What, then, do we make of Diana. Last week, she existed as a stand in for the now-dead Rachel Katz. This week, she plays look alike to Sylvia and Megan, providing a whirlwind tour through Don’s sexual history, a glimpse back at many of his conquests as we head into the final stretch of episodes. Temporarily, Diana plays like a choose-your-own-adventure for Don, a chance to look back at his past mistakes, and forge a better way forward. But ultimately, she solidifies as a human being, someone else he’s tried to pull into his self-delusions, but someone who has her own ideas about who she is and what she can be. Don Draper offers the empty promise of escape. But Diana isn’t looking to forget her mistakes. She’s looking for a way forward, for a way to move past who she was and what she’s done. But she isn’t looking to forget. When Don initially tries to pry, he tells him “I don’t want to talk about it. Obviously. I’m in New York City.” But unlike Don, she hasn’t come here to forget. She’d like to, and for a moment she almost resigns herself to taking Don up on the offer he posed to Rachel back in season one. Back then, he asked Rachel to run away to Los Angeles with him. Now, he knows better. He understand geography is not enough to make a difference, but he still tries to offer Diana a chance to forget her mistakes and make herself anew however she sees fit. But Diana isn’t so easily fooled. She knows she can’t blink and erase the damage she’s done. She’s looking for a way forward, but she isn’t asking for a short cut. She wants to do the work it takes to become a new person. That’s an idea that remains foreign to Don, even now.

In Don’s mind, every woman is “New Business.” But that’s a reductive view of another human being, and a deeply flawed conception of reality. Diana isn’t “new business.” She isn’t a chance for Don to start over, to forget two marriages’ worth of mistakes and the other human wreckage he’s left in his wake. She is a person, with her own problems and her own solutions. She isn’t perfect, but then, if she was, it would only be in the eyes of the beholder. Diana resolutely refuses to be what Don hopes that she is, what he wants her to be. She isn’t the end to his story; she’s in the middle of her own.

“My oldest is in Racine with her father. Why?” she asks Don. “Don’t you want to ask why?” He says no, and that underlines the difference between them. To Don, there is no why. There is just action, and attempted erasure. Don still thinks that by moving forward, he can successfully ignore the past. Don Draper doesn’t ask “why?” He asks “how?” And his answer never gets far beyond the idea that anything is possible, if you forget well enough, if you can shock yourself by how much something never happened. But things happen. Actions carry weight. “I took care of everything today,” Don tries to comfort Diana. But all he did was write a check. He didn’t heal any wounds. He didn’t close any doors. He tried to buy off the past, and lost more than he bargained for in the process.

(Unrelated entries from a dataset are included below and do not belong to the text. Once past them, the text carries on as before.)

(* Suppose that $(R,\mathfrak m)$ is $F$-pure and let $(\mathfrak a_\lambda)_{\lambda\in\Lambda}$ be a non-empty family of fully $\Phi(E)$-special ideals of $R$. Then $\sum_{\lambda\in\Lambda}\mathfrak a_\lambda$ is fully $\Phi(E)$-special.
   Context: $(R,\mathfrak m)$ is a commutative Noetherian local ring of prime characteristic $p$. $R$ is $F$-pure if for every $R$-module $M$ the map $M\to R^{(1)}\otimes_RM$, $m\mapsto1\otimes m$, is injective ($R^{(1)}$ = $R$ with right structure via $r\mapsto r^p$). The Frobenius skew polynomial ring $R[x,f]$ consists of polynomials $\sum r_ix^i$, free left $R$-module on $(x^i)_{i\ge0}$, with $xr=r^px$. $E=E_R(R/\mathfrak m)$; $\Phi(E)=R[x,f]\otimes_RE=\bigoplus_nRx^n\otimes_RE$, with $0$th component identified with $E$. $\operatorname{ann}_{\Phi(E)}(\mathfrak aR[x,f])$ is the submodule of elements annihilated by all $rx^n$, $r\in\mathfrak a$, $n\ge0$; $\mathfrak a$ is fully $\Phi(E)$-special if $(0:_E\mathfrak a)$ is contained in the $0$th component of $\operatorname{ann}_{\Phi(E)}(\mathfrak aR[x,f])$. *)

theory Defs
  imports "HOL-Algebra.Algebra" "HOL-Computational_Algebra.Primes"
begin

definition local_ring :: "('r, 'b) ring_scheme \<Rightarrow> 'r set \<Rightarrow> bool" where
  "local_ring R m \<longleftrightarrow> cring R \<and> maximalideal m R \<and>
     (\<forall>I. maximalideal I R \<longrightarrow> I = m)"

definition char_p :: "('r, 'b) ring_scheme \<Rightarrow> nat \<Rightarrow> bool" where
  "char_p R p \<longleftrightarrow> Factorial_Ring.prime p \<and> add_pow R p \<one>\<^bsub>R\<^esub> = \<zero>\<^bsub>R\<^esub>"

definition lin_on :: "('r, 'b) ring_scheme \<Rightarrow> ('r, 'm) module \<Rightarrow> ('r, 'n) module
    \<Rightarrow> 'm set \<Rightarrow> ('m \<Rightarrow> 'n) \<Rightarrow> bool" where
  "lin_on R M N S f \<longleftrightarrow> f ` S \<subseteq> carrier N \<and>
     (\<forall>x\<in>S. \<forall>y\<in>S. f (x \<oplus>\<^bsub>M\<^esub> y) = f x \<oplus>\<^bsub>N\<^esub> f y) \<and>
     (\<forall>r\<in>carrier R. \<forall>x\<in>S. f (r \<odot>\<^bsub>M\<^esub> x) = r \<odot>\<^bsub>N\<^esub> f x)"

text \<open>R x^n, as a right R-module, is the additive group of R with right action
  (r x^n) s = r s^(p^n) x^n.  The tensor product  R x^n \<otimes>_R M  is the free abelian
  group on (carrier R) \<times> (carrier M) modulo the subgroup generated by the biadditivity
  relations and the balancing relation  (r x^n) s \<otimes> x = r x^n \<otimes> s x.
  Below q stands for p^n; elements of the free abelian group are finitely supported
  integer-valued functions; gen a x is the basis element (a, x).\<close>

definition gen :: "'r \<Rightarrow> 'm \<Rightarrow> ('r \<times> 'm \<Rightarrow> int)" where
  "gen a x = (\<lambda>z. if z = (a, x) then 1 else 0)"

inductive_set tensor_rel :: "('r, 'b) ring_scheme \<Rightarrow> ('r, 'm) module \<Rightarrow> nat
    \<Rightarrow> ('r \<times> 'm \<Rightarrow> int) set"
  for R M q where
  rel_zero: "(\<lambda>_. 0) \<in> tensor_rel R M q"
| rel_add: "u \<in> tensor_rel R M q \<Longrightarrow> v \<in> tensor_rel R M q
     \<Longrightarrow> (\<lambda>z. u z + v z) \<in> tensor_rel R M q"
| rel_neg: "u \<in> tensor_rel R M q \<Longrightarrow> (\<lambda>z. - u z) \<in> tensor_rel R M q"
| rel_addl: "\<lbrakk>a \<in> carrier R; b \<in> carrier R; x \<in> carrier M\<rbrakk> \<Longrightarrow>
     (\<lambda>z. gen (a \<oplus>\<^bsub>R\<^esub> b) x z - gen a x z - gen b x z) \<in> tensor_rel R M q"
| rel_addr: "\<lbrakk>a \<in> carrier R; x \<in> carrier M; y \<in> carrier M\<rbrakk> \<Longrightarrow>
     (\<lambda>z. gen a (x \<oplus>\<^bsub>M\<^esub> y) z - gen a x z - gen a y z) \<in> tensor_rel R M q"
| rel_bal: "\<lbrakk>a \<in> carrier R; s \<in> carrier R; x \<in> carrier M\<rbrakk> \<Longrightarrow>
     (\<lambda>z. gen (a \<otimes>\<^bsub>R\<^esub> (s [^]\<^bsub>R\<^esub> q)) x z - gen a (s \<odot>\<^bsub>M\<^esub> x) z) \<in> tensor_rel R M q"

definition tensor_eq :: "('r, 'b) ring_scheme \<Rightarrow> ('r, 'm) module \<Rightarrow> nat
    \<Rightarrow> 'r \<Rightarrow> 'm \<Rightarrow> 'r \<Rightarrow> 'm \<Rightarrow> bool" where
  "tensor_eq R M q a x b y \<longleftrightarrow> (\<lambda>z. gen a x z - gen b y z) \<in> tensor_rel R M q"

definition tensor_zero :: "('r, 'b) ring_scheme \<Rightarrow> ('r, 'm) module \<Rightarrow> nat
    \<Rightarrow> 'r \<Rightarrow> 'm \<Rightarrow> bool" where
  "tensor_zero R M q a x \<longleftrightarrow> gen a x \<in> tensor_rel R M q"

text \<open>R is F-pure: for every R-module M the map M \<rightarrow> R^(1) \<otimes>_R M, x \<mapsto> 1 \<otimes> x, is
  injective.  Modules are taken with carriers in the universe type 'u
  (instantiated in the statement with a type large enough).\<close>
definition F_pure :: "'u itself \<Rightarrow> ('r, 'b) ring_scheme \<Rightarrow> nat \<Rightarrow> bool" where
  "F_pure _ R p \<longleftrightarrow> (\<forall>M :: ('r, 'u) module. module R M \<longrightarrow>
     (\<forall>x\<in>carrier M. \<forall>y\<in>carrier M.
        tensor_eq R M p \<one>\<^bsub>R\<^esub> x \<one>\<^bsub>R\<^esub> y \<longrightarrow> x = y))"

definition injective_module :: "'u itself \<Rightarrow> ('r, 'b) ring_scheme \<Rightarrow> ('r, 'e) module \<Rightarrow> bool" where
  "injective_module _ R E \<longleftrightarrow> module R E \<and>
     (\<forall>(M :: ('r, 'u) module) N f. module R M \<and> submodule N R M \<and> lin_on R M E N f \<longrightarrow>
        (\<exists>g. lin_on R M E (carrier M) g \<and> (\<forall>x\<in>N. g x = f x)))"

text \<open>E = E_R(R/m): an injective module together with an essential monomorphism
  R/m \<rightarrow> E; e0 is the image of the class of 1, so its annihilator is m, the image is
  R e0, and essentiality says every nonzero submodule of E meets R e0 nontrivially.\<close>
definition injective_hull_residue :: "'u itself \<Rightarrow> ('r, 'b) ring_scheme \<Rightarrow> 'r set
    \<Rightarrow> ('r, 'e) module \<Rightarrow> bool" where
  "injective_hull_residue U R m E \<longleftrightarrow> injective_module U R E \<and>
     (\<exists>e0\<in>carrier E. {r \<in> carrier R. r \<odot>\<^bsub>E\<^esub> e0 = \<zero>\<^bsub>E\<^esub>} = m \<and>
        (\<forall>N. submodule N R E \<and> N \<noteq> {\<zero>\<^bsub>E\<^esub>} \<longrightarrow>
           (\<exists>r\<in>carrier R. r \<odot>\<^bsub>E\<^esub> e0 \<noteq> \<zero>\<^bsub>E\<^esub> \<and> r \<odot>\<^bsub>E\<^esub> e0 \<in> N)))"

definition ann_E :: "('r, 'b) ring_scheme \<Rightarrow> ('r, 'e) module \<Rightarrow> 'r set \<Rightarrow> 'e set" where
  "ann_E R E a = {e \<in> carrier E. \<forall>r\<in>a. r \<odot>\<^bsub>E\<^esub> e = \<zero>\<^bsub>E\<^esub>}"

text \<open>The 0th component of ann_{Phi(E)}(a R[x,f]), as a subset of E = R x^0 \<otimes> E:
  e (i.e. 1 \<otimes> e in degree 0) is annihilated by every r x^n with r \<in> a, and
  r x^n \<cdot> (1 \<otimes> e) = r x^n \<otimes> e in the degree-n component R x^n \<otimes>_R E.\<close>
definition ann_Phi_deg0 :: "('r, 'b) ring_scheme \<Rightarrow> nat \<Rightarrow> ('r, 'e) module \<Rightarrow> 'r set \<Rightarrow> 'e set" where
  "ann_Phi_deg0 R p E a = {e \<in> carrier E. \<forall>n::nat. \<forall>r\<in>a. tensor_zero R E (p ^ n) r e}"

definition fully_Phi_special :: "('r, 'b) ring_scheme \<Rightarrow> nat \<Rightarrow> ('r, 'e) module \<Rightarrow> 'r set \<Rightarrow> bool" where
  "fully_Phi_special R p E a \<longleftrightarrow> ann_E R E a \<subseteq> ann_Phi_deg0 R p E a"

end

theory Submission
  imports Defs
begin

text \<open>Fix n and e in (0 :_E \<aa>), where \<aa> is the sum of the \<aa> \<lambda>. Each \<aa> \<lambda> annihilates e,
  so, being fully \<Phi>(E)-special, lies in the set of r with r x^n \<otimes> e = 0. That set is closed
  under addition, hence the largest ideal contained in it is an ideal containing every \<aa> \<lambda>,
  and therefore their sum.\<close>

lemma tensor_zero_add:
  assumes "a \<in> carrier R" "b \<in> carrier R" "x \<in> carrier M"
    and "tensor_zero R M q a x" "tensor_zero R M q b x"
  shows "tensor_zero R M q (a \<oplus>\<^bsub>R\<^esub> b) x"
proof -
  have "(\<lambda>z. gen (a \<oplus>\<^bsub>R\<^esub> b) x z - gen a x z - gen b x z) \<in> tensor_rel R M q"
    using assms(1-3) by (rule tensor_rel.rel_addl)
  then have "(\<lambda>z. (gen (a \<oplus>\<^bsub>R\<^esub> b) x z - gen a x z - gen b x z) + gen a x z + gen b x z)
      \<in> tensor_rel R M q"
    using assms(4,5) unfolding tensor_zero_def by (intro tensor_rel.rel_add)
  then show ?thesis
    unfolding tensor_zero_def by (simp add: fun_eq_iff[symmetric])
qed

lemma (in ring) tensor_zero_zero:
  assumes "x \<in> carrier M"
  shows "tensor_zero R M q \<zero> x"
proof -
  have "(\<lambda>z. gen (\<zero> \<oplus> \<zero>) x z - gen \<zero> x z - gen \<zero> x z) \<in> tensor_rel R M q"
    using assms by (intro tensor_rel.rel_addl) simp_all
  then have "(\<lambda>z. - (gen \<zero> x z - gen \<zero> x z - gen \<zero> x z)) \<in> tensor_rel R M q"
    by (intro tensor_rel.rel_neg) simp
  then show ?thesis
    unfolding tensor_zero_def by simp
qed

text \<open>All multiples s r are required to vanish, not just r: closure of \<open>tensor_zero\<close> under
  multiplication by R would need an analysis of \<open>tensor_rel\<close>.\<close>

definition tensor_zero_ideal ::
    "('r, 'b) ring_scheme \<Rightarrow> ('r, 'm) module \<Rightarrow> nat \<Rightarrow> 'm \<Rightarrow> 'r set" where
  "tensor_zero_ideal R M q x =
     {r \<in> carrier R. \<forall>s\<in>carrier R. tensor_zero R M q (s \<otimes>\<^bsub>R\<^esub> r) x}"

lemma (in cring) ideal_tensor_zero_ideal:
  assumes "x \<in> carrier M"
  shows "ideal (tensor_zero_ideal R M q x) R"
proof (rule idealI)
  let ?S = "tensor_zero_ideal R M q x"
  show "ring R" by (rule ring_axioms)
  have mult_closed: "t \<otimes> r \<in> ?S" if "r \<in> ?S" "t \<in> carrier R" for r t
  proof -
    have "s \<otimes> (t \<otimes> r) = (s \<otimes> t) \<otimes> r" if "s \<in> carrier R" for s
      using that \<open>r \<in> ?S\<close> \<open>t \<in> carrier R\<close> by (simp add: m_assoc tensor_zero_ideal_def)
    then show ?thesis
      using that by (auto simp: tensor_zero_ideal_def)
  qed
  show "subgroup ?S (add_monoid R)"
  proof (rule add.subgroupI)
    show "?S \<subseteq> carrier R"
      by (auto simp: tensor_zero_ideal_def)
    show "?S \<noteq> {}"
      using tensor_zero_zero[OF assms] by (auto simp: tensor_zero_ideal_def)
    show "\<ominus> r \<in> ?S" if "r \<in> ?S" for r
    proof -
      have "r \<in> carrier R"
        using that by (simp add: tensor_zero_ideal_def)
      then have "\<ominus> r = (\<ominus> \<one>) \<otimes> r"
        by (simp add: l_minus)
      then show ?thesis
        using mult_closed[OF that] by simp
    qed
    show "r \<oplus> r' \<in> ?S" if "r \<in> ?S" "r' \<in> ?S" for r r'
      using that assms
      by (auto simp: tensor_zero_ideal_def r_distr intro: tensor_zero_add)
  qed
  show "t \<otimes> r \<in> ?S" if "r \<in> ?S" "t \<in> carrier R" for r t
    using that by (rule mult_closed)
  show "r \<otimes> t \<in> ?S" if "r \<in> ?S" "t \<in> carrier R" for r t
    using mult_closed[OF that] that by (simp add: m_comm tensor_zero_ideal_def)
qed

lemma (in ring) ideal_subset_tensor_zero_ideal:
  assumes "ideal I R" and "\<forall>r\<in>I. tensor_zero R M q r x"
  shows "I \<subseteq> tensor_zero_ideal R M q x"
  using assms ideal.I_l_closed[OF assms(1)] ideal.Icarr[OF assms(1)]
  by (auto simp: tensor_zero_ideal_def)

lemma (in ring) tensor_zero_of_tensor_zero_ideal:
  assumes "r \<in> tensor_zero_ideal R M q x"
  shows "tensor_zero R M q r x"
  using assms by (auto simp: tensor_zero_ideal_def dest: bspec[of _ _ \<one>])

lemma (in cring) tensor_zero_genideal_UN:
  assumes "x \<in> carrier M"
    and "\<forall>l\<in>L. ideal (\<aa> l) R \<and> (\<forall>r\<in>\<aa> l. tensor_zero R M q r x)"
    and "r \<in> genideal R (\<Union>l\<in>L. \<aa> l)"
  shows "tensor_zero R M q r x"
proof -
  have "\<aa> l \<subseteq> tensor_zero_ideal R M q x" if "l \<in> L" for l
    using assms(2) that by (intro ideal_subset_tensor_zero_ideal) auto
  then have "(\<Union>l\<in>L. \<aa> l) \<subseteq> tensor_zero_ideal R M q x"
    by (rule UN_least)
  then have "genideal R (\<Union>l\<in>L. \<aa> l) \<subseteq> tensor_zero_ideal R M q x"
    by (rule genideal_minimal[OF ideal_tensor_zero_ideal[OF assms(1)]])
  then have "r \<in> tensor_zero_ideal R M q x"
    using assms(3) by blast
  then show ?thesis
    by (rule tensor_zero_of_tensor_zero_ideal)
qed

lemma (in cring) fully_Phi_special_genideal_UN:
  assumes "\<forall>l\<in>L. ideal (\<aa> l) R \<and> fully_Phi_special R p E (\<aa> l)"
  shows "fully_Phi_special R p E (genideal R (\<Union>l\<in>L. \<aa> l))"
  unfolding fully_Phi_special_def
proof
  fix e
  assume e: "e \<in> ann_E R E (genideal R (\<Union>l\<in>L. \<aa> l))"
  then have e_carrier: "e \<in> carrier E"
    by (simp add: ann_E_def)
  have "(\<Union>l\<in>L. \<aa> l) \<subseteq> carrier R"
    using assms by (auto dest: ideal.Icarr)
  then have "\<aa> l \<subseteq> genideal R (\<Union>l\<in>L. \<aa> l)" if "l \<in> L" for l
    using genideal_self that by blast
  then have "e \<in> ann_E R E (\<aa> l)" if "l \<in> L" for l
    using e that unfolding ann_E_def by blast
  then have "e \<in> ann_Phi_deg0 R p E (\<aa> l)" if "l \<in> L" for l
    using assms that unfolding fully_Phi_special_def by blast
  then have "\<forall>l\<in>L. ideal (\<aa> l) R \<and> (\<forall>r\<in>\<aa> l. tensor_zero R E (p ^ n) r e)" for n
    using assms by (simp add: ann_Phi_deg0_def)
  then have "tensor_zero R E (p ^ n) r e" if "r \<in> genideal R (\<Union>l\<in>L. \<aa> l)" for n r
    using tensor_zero_genideal_UN[OF e_carrier _ that] by blast
  with e_carrier show "e \<in> ann_Phi_deg0 R p E (genideal R (\<Union>l\<in>L. \<aa> l))"
    by (simp add: ann_Phi_deg0_def)
qed

theorem proposition1p9:
  fixes R :: "('r, 'b) ring_scheme" and m :: "'r set" and p :: nat
    and E :: "('r, 'e) module" and Lam :: "'i set" and \<aa> :: "'i \<Rightarrow> 'r set"
  assumes "noetherian_ring R"
    and "local_ring R m"
    and "char_p R p"
    and "F_pure TYPE('r list) R p"
    and "injective_hull_residue TYPE('r list) R m E"
    and "Lam \<noteq> {}"
    and "\<forall>l\<in>Lam. ideal (\<aa> l) R \<and> fully_Phi_special R p E (\<aa> l)"
  shows "fully_Phi_special R p E (genideal R (\<Union>l\<in>Lam. \<aa> l))"
proof -
  interpret cring R
    using assms(2) by (simp add: local_ring_def)
  show ?thesis
    using assms(7) by (rule fully_Phi_special_genideal_UN)
qed

end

“New Business” is, ultimately, not about the sort of escape Don’s selling. No one walks away from their life clean. No one gets out unscathed. When Megan returns to her hotel room to find out her mother has left her father, her response to her poor sister. She says of her mother: “She’s been very unhappy for a very long time. At least she did something about it.” And maybe that’s the problem, ultimately. Don’s been unhappy for a very long time. But has he ever really done anything about it? You can kick a mess under the rug, but all you get for your trouble is a misshapen rug. You can run from the past, but you’ll someday learn how much of it you carry with you. It will shock you how much this did happen, and how much it will keep happening, if you let it. The only way to put the past behind you is to incorporate it, honestly, into your conception of yourself. Mistakes define you as much as triumphs. You can’t hide from your dark side. All you can do is try to shed some light on it, and to hope that it can survive out in the sun. All you can do is examine your mistakes and try to figure out how they fit into a better you. Tomorrow is coming quick. But it carries yesterday with it, whether you like it or not. You can try to leave your baggage behind. But the smart thing to do, the better thing to do, the right thing to do, is to learn how to carry it with you, and how to not let it weigh you down enough to stop any forward momentum. Then, maybe, it will shock you how far you’ve come, with all you have to carry.

The Roundup

  • “I know its beyond your experience, but people love talking to me.”
  • “Well this certainly is a two man job.”
  • “I’ve been down this road before, and you always find out.” “Yes. Because you always tell me.”
  • “I’ll throw my tie over my shoulder and roll up my sleeves. They’ll love it.” “They probably will.”
  • “Jiminy Christmas. You think you’re going to begin your life over and do it right. But what if you never get past the beginning again?”
  • “You’re like Ali McGraw and Brigitte Bardot had a baby!” Jessica Pare is kind of like that.”
  • “Why did I believe you? Why did I believe the things you said to me? Why am I being punished for being young?”
  • “Look, I’m pretty sure I had a worse day than you. Please don’t be in a mood.” “I’m not in a mood. And I’m pretty sure you’ve never had a worse day than me.”
8.6 GREAT

“New Business” is, ultimately, not about the sort of escape Don’s selling.

  • GREAT 8.6
Share.

About Author

Jordan Ferguson is a lifelong pop culture fan, and would probably never leave his couch if he could get away with it. When he isn’t wasting time “practicing law" in Los Angeles, he writes about film, television, and music. In addition to serving as TV Editor and Senior Staff Film Critic for Next Projection, Jordan is a contributor to various outlets, including his own personal site, Review To Be Named (where he still writes sometimes, promise). Check out more of his work at Reviewtobenamed.com, follow him on twitter @bobchanning, or just yell really loudly on the street. Don’t worry, he’ll hear.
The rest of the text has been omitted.